**Work to be completed:** From the records below, set down exactly the lines starting with the line that contains "residue_ring (p ^" and going on through the line that contains "z. m1 \<in>". Nothing else is wanted.

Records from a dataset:
text \<open>Write \<open>A = a(|\<nabla>u|) = ah(|\<nabla>u|^2)\<close> and \<open>B = ah'(|\<nabla>u|^2)\<close>, so that
  \<open>A_xi = 2 B (\<nabla>u \<bullet> \<nabla>u_xi)\<close>. Expanding the three divergences by the product rule, the
  third-order terms cancel by the symmetry of third derivatives, and the difference of the two
  sides without the C-term is exactly
  \<open>|\<Sum>j A_xj u_xj|^2 + A^2 |\<nabla>^2u|^2 + 4 A B \<Sum>i (\<nabla>u \<bullet> \<nabla>u_xi)^2\<close>.
  When \<open>B < 0\<close>, the last sum is at most \<open>|\<nabla>u|^2 |\<nabla>^2u|^2\<close> by Cauchy-Schwarz, while
  \<open>2 |\<nabla>u|^2 B / A = t a'(t) / a(t) \<ge> i_a\<close> at \<open>t = |\<nabla>u|\<close>. Hence \<open>C = min 1 (1 + 2 i_a)\<close> works.\<close>

lemma partial_eqI:
  assumes "((\<lambda>t. f (x + t *\<^sub>R axis j 1)) has_vector_derivative D) (at 0)"
  shows "partial j f x = D"
  using assms by (simp add: partial_def vector_derivative_at)

lemma has_vector_derivative_partial:
  fixes f :: "real^'n::finite \<Rightarrow> 'b::real_normed_vector"
  assumes "f differentiable (at x)"
  shows "((\<lambda>t. f (x + t *\<^sub>R axis j 1)) has_vector_derivative partial j f x) (at 0)"
proof -
  have "(\<lambda>t::real. x + t *\<^sub>R axis j 1) differentiable (at 0)"
    by (intro derivative_intros)
  then have "(f \<circ> (\<lambda>t::real. x + t *\<^sub>R axis j 1)) differentiable (at 0)"
    by (rule differentiable_chain_at) (simp add: assms)
  then show ?thesis
    unfolding partial_def by (simp add: o_def vector_derivative_works[symmetric])
qed

lemma has_real_derivative_vec_nth:
  assumes "(f has_vector_derivative D) (at t)"
  shows "((\<lambda>t. f t $ c) has_real_derivative D $ c) (at t)"
  using bounded_linear.has_vector_derivative[OF bounded_linear_vec_nth assms, of c]
  by (simp add: has_real_derivative_iff_has_vector_derivative)
lemma sum_valuation_weights_closed_form:
  fixes P :: real
  assumes P: "P \<noteq> 0"
  shows "(\<Sum>r = 1..n-1. (P^(n-r) - P^(n-r-1)) * (P^n * (P^n * P^n * P^r - P^n - 1)))
       = (P - 1) * P^(2*n-1) * (\<Sum>r = 1..n-1. P^(2*n) - P^(n-r) - 1 / P^r)"
proof -
  have "(P^(n-r) - P^(n-r-1)) * (P^n * (P^n * P^n * P^r - P^n - 1))
      = (P - 1) * P^(2*n-1) * (P^(2*n) - P^(n-r) - 1 / P^r)" if "r \<in> {1..n-1}" for r
  proof -
    have "r < n" using that by auto
    show ?thesis unfolding power_diff_exponents[OF P \<open>r < n\<close>] using P by (simp add: field_simps)
  qed
  thus ?thesis by (simp add: sum_distrib_left)
qed

lemma sum_valuation_pair_weights_closed_form:
  fixes P :: real
  assumes P: "P \<noteq> 0"
  shows "(\<Sum>i = 1..n-1. \<Sum>j = 1..n-1. (P^(n-i) - P^(n-i-1)) * (P^(n-j) - P^(n-j-1))
                                        * (P^n * (P^n * P^n * P^(min i j) - P^n - 1)))
       = 2 * ((P - 1) * P^(2*n-1) * (\<Sum>r = 1..n-1. (P^(3*n) + P^n + 1) / P^r
                                    - (P^(2*n) + P^n) / P^(2*r) - P^(2*n)))
         - (P - 1)^2 * (\<Sum>r = 1..n-1. P^(3*n - 2*r - 2) * (P^(2*n + r) - P^n - 1))"
proof -
  define c where "c r = P^(n-r) - P^(n-r-1)" for r
  define H where "H r = P^n * (P^n * P^n * P^r - P^n - 1)" for r
  have "c r * H r * (\<Sum>j = r..n-1. c j)
      = (P - 1) * P^(2*n-1) * ((P^(3*n) + P^n + 1) / P^r - (P^(2*n) + P^n) / P^(2*r) - P^(2*n))"
    if "r \<in> {1..n-1}" for r
  proof -
    have "r < n" using that by auto
    hence tail: "(\<Sum>j = r..n-1. c j) = P^(n-r) - 1"
      unfolding c_def by (intro sum_power_diff_telescope) simp
    show ?thesis unfolding tail unfolding c_def H_def power_diff_exponents[OF P \<open>r < n\<close>]
      using P by (simp add: field_simps)
  qed
  moreover have "c r * c r * H r = (P - 1)^2 * (P^(3*n - 2*r - 2) * (P^(2*n + r) - P^n - 1))"
    if "r \<in> {1..n-1}" for r
  proof -
    have "r < n" using that by auto
    show ?thesis unfolding c_def H_def power_diff_exponents[OF P \<open>r < n\<close>]
      using P by (simp add: field_simps power2_eq_square)
  qed
  ultimately show ?thesis
    using sum_square_min[of c H "n-1"] by (simp add: c_def H_def sum_distrib_left mult.assoc)
qed

theorem corollary2p8:
  fixes p :: int and n :: nat
  assumes "prime p" and "n \<ge> 2"
  defines "R \<equiv> residue_ring (p ^ n)"
  defines "T \<equiv> Tr R"
  defines "X \<equiv> nz_zero_divisors R"
  defines "A4 \<equiv> {(m \<oplus>\<^bsub>R\<^esub> z, \<zero>\<^bsub>R\<^esub>, z) | m z. m \<in> X \<and> z \<in> carrier R}"
  defines "A5 \<equiv> {(z, m, z) | m z. m \<in> X \<and> z \<in> carrier R}"
  defines "A6 \<equiv> {(m1 \<oplus>\<^bsub>R\<^esub> z, m2, z) | m1 m2 z. m1 \<in> X \<and> m2 \<in> X \<and> z \<in> carrier R}"
  defines "dA \<equiv> (\<lambda>A. real (\<Sum>B\<in>A. cg_degree T B))"
  defines "\<alpha> \<equiv> (real_of_int p - 1) * real_of_int p ^ (2*n - 1) *
      (\<Sum>r = 1..n-1. (real_of_int p ^ (3*n) + real_of_int p ^ n + 1) / real_of_int p ^ r
                     - (real_of_int p ^ (2*n) + real_of_int p ^ n) / real_of_int p ^ (2*r)
                     - real_of_int p ^ (2*n))"
  defines "\<beta> \<equiv> (real_of_int p - 1)^2 *
      (\<Sum>r = 1..n-1. real_of_int p ^ (3*n - 2*r - 2) *
                     (real_of_int p ^ (2*n + r) - real_of_int p ^ n - 1))"
  shows "dA A4 = (real_of_int p - 1) * real_of_int p ^ (2*n - 1) *
            (\<Sum>r = 1..n-1. real_of_int p ^ (2*n) - real_of_int p ^ (n - r) - 1 / real_of_int p ^ r)
       \<and> dA A5 = dA A4
       \<and> dA A6 = 2 * \<alpha> - \<beta>"
proof -
  have "n \<ge> 1" "real_of_int p \<noteq> 0" using assms by (auto simp: prime_gt_1_int)
  have "X = {m. 1 \<le> m \<and> m < p^n \<and> p dvd m}"
    using nz_zero_divisors_residue_prime_power[OF assms(1) \<open>n \<ge> 1\<close>] by (simp add: X_def R_def)
  hence A: "A4 = scalar_translates (p^n) (X \<times> {0})" "A5 = scalar_translates (p^n) ({0} \<times> X)"
    "A6 = scalar_translates (p^n) (X \<times> X)"
    unfolding A4_def A5_def A6_def R_def by (simp_all only: scalar_translates_residue_ring)
  have dA_int: "dA A = real_of_int (int (\<Sum>B\<in>A. cg_degree (Tr (residue_ring (p^n))) B))" for A
    by (simp add: dA_def T_def R_def)
  show ?thesis
    unfolding dA_int A \<open>X = _\<close> sum_cg_degree_translates_multiples_of_prime[OF assms(1) \<open>n \<ge> 1\<close>]
      \<alpha>_def \<beta>_def
    using sum_valuation_weights_closed_form[OF \<open>real_of_int p \<noteq> 0\<close>]
      sum_valuation_pair_weights_closed_form[OF \<open>real_of_int p \<noteq> 0\<close>]
    by simp
qed

end
(* Assume (A1)–(A2) and fix $K\ge1$. Let $v,w:[0,\infty)\times\mathbb{Z}\to\mathbb{R}$, $(t,i)\mapsto v_i(t),w_i(t)$, be continuously differentiable in $t$ and bounded on $[0,T]\times\mathbb{Z}$ for each $T>0$, such that $v$ is a subsolution and $w$ a supersolution of $$\frac{1}{\log K}\frac{d}{dt}n_i(t)=R(i\delta_K)n_i(t)+\sum_{l\in\mathbb{Z}}p((l+i)\delta_K)h_KG(lh_K)n_{l+i}(t),\quad t>0,\ i\in\mathbb{Z},$$ i.e. $v$ satisfies this with "$\le$" and $w$ with "$\ge$" in place of "$=$". If $v_i(0)\le w_i(0)$ for all $i$, then $v_i(t)\le w_i(t)$ for all $t\ge0$ and $i\in\mathbb{Z}$.
   Context: Let $R,p,G:\mathbb{R}\to\mathbb{R}$; $\delta_K>0$, $h_K:=\delta_K\log K$. (A1) $R,p$ Lipschitz with $\underline{R}\le R\le\overline{R}$, $0<\underline{p}\le p\le\overline{p}$. (A2) $G$ positive continuous, $\int G=1$, $G(x)=f(x)e^{-|x|}$ with $0<\min f\le f\le\sup f<\infty$. *)

theory Defs
  imports "HOL-Analysis.Analysis"
begin

definition A1 :: "(real \<Rightarrow> real) \<Rightarrow> (real \<Rightarrow> real) \<Rightarrow> bool" where
  "A1 R p \<longleftrightarrow>
     (\<exists>L. L-lipschitz_on UNIV R) \<and> (\<exists>L. L-lipschitz_on UNIV p) \<and>
     (\<exists>Rlo Rhi. \<forall>x. Rlo \<le> R x \<and> R x \<le> Rhi) \<and>
     (\<exists>plo phi. 0 < plo \<and> (\<forall>x. plo \<le> p x \<and> p x \<le> phi))"

definition A2 :: "(real \<Rightarrow> real) \<Rightarrow> bool" where
  "A2 G \<longleftrightarrow>
     (\<forall>x. 0 < G x) \<and> continuous_on UNIV G \<and> (G has_integral 1) UNIV \<and>
     (\<exists>f c C. 0 < c \<and> (\<forall>x. c \<le> f x \<and> f x \<le> C \<and> G x = f x * exp (- \<bar>x\<bar>)))"

definition hK :: "real \<Rightarrow> real \<Rightarrow> real" where
  "hK \<delta> K = \<delta> * ln K"

definition rhs :: "(real \<Rightarrow> real) \<Rightarrow> (real \<Rightarrow> real) \<Rightarrow> (real \<Rightarrow> real) \<Rightarrow> real \<Rightarrow> real
    \<Rightarrow> (int \<Rightarrow> real) \<Rightarrow> int \<Rightarrow> real" where
  "rhs R p G \<delta> K n i =
     R (of_int i * \<delta>) * n i +
     (\<Sum>\<^sub>\<infinity>l::int. p (of_int (l + i) * \<delta>) * hK \<delta> K * G (of_int l * hK \<delta> K) * n (l + i))"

**Answer section:**
  defines "R \<equiv> residue_ring (p ^ n)"
  defines "T \<equiv> Tr R"
  defines "X \<equiv> nz_zero_divisors R"
  defines "A4 \<equiv> {(m \<oplus>\<^bsub>R\<^esub> z, \<zero>\<^bsub>R\<^esub>, z) | m z. m \<in> X \<and> z \<in> carrier R}"
  defines "A5 \<equiv> {(z, m, z) | m z. m \<in> X \<and> z \<in> carrier R}"
  defines "A6 \<equiv> {(m1 \<oplus>\<^bsub>R\<^esub> z, m2, z) | m1 m2 z. m1 \<in> X \<and> m2 \<in> X \<and> z \<in> carrier R}"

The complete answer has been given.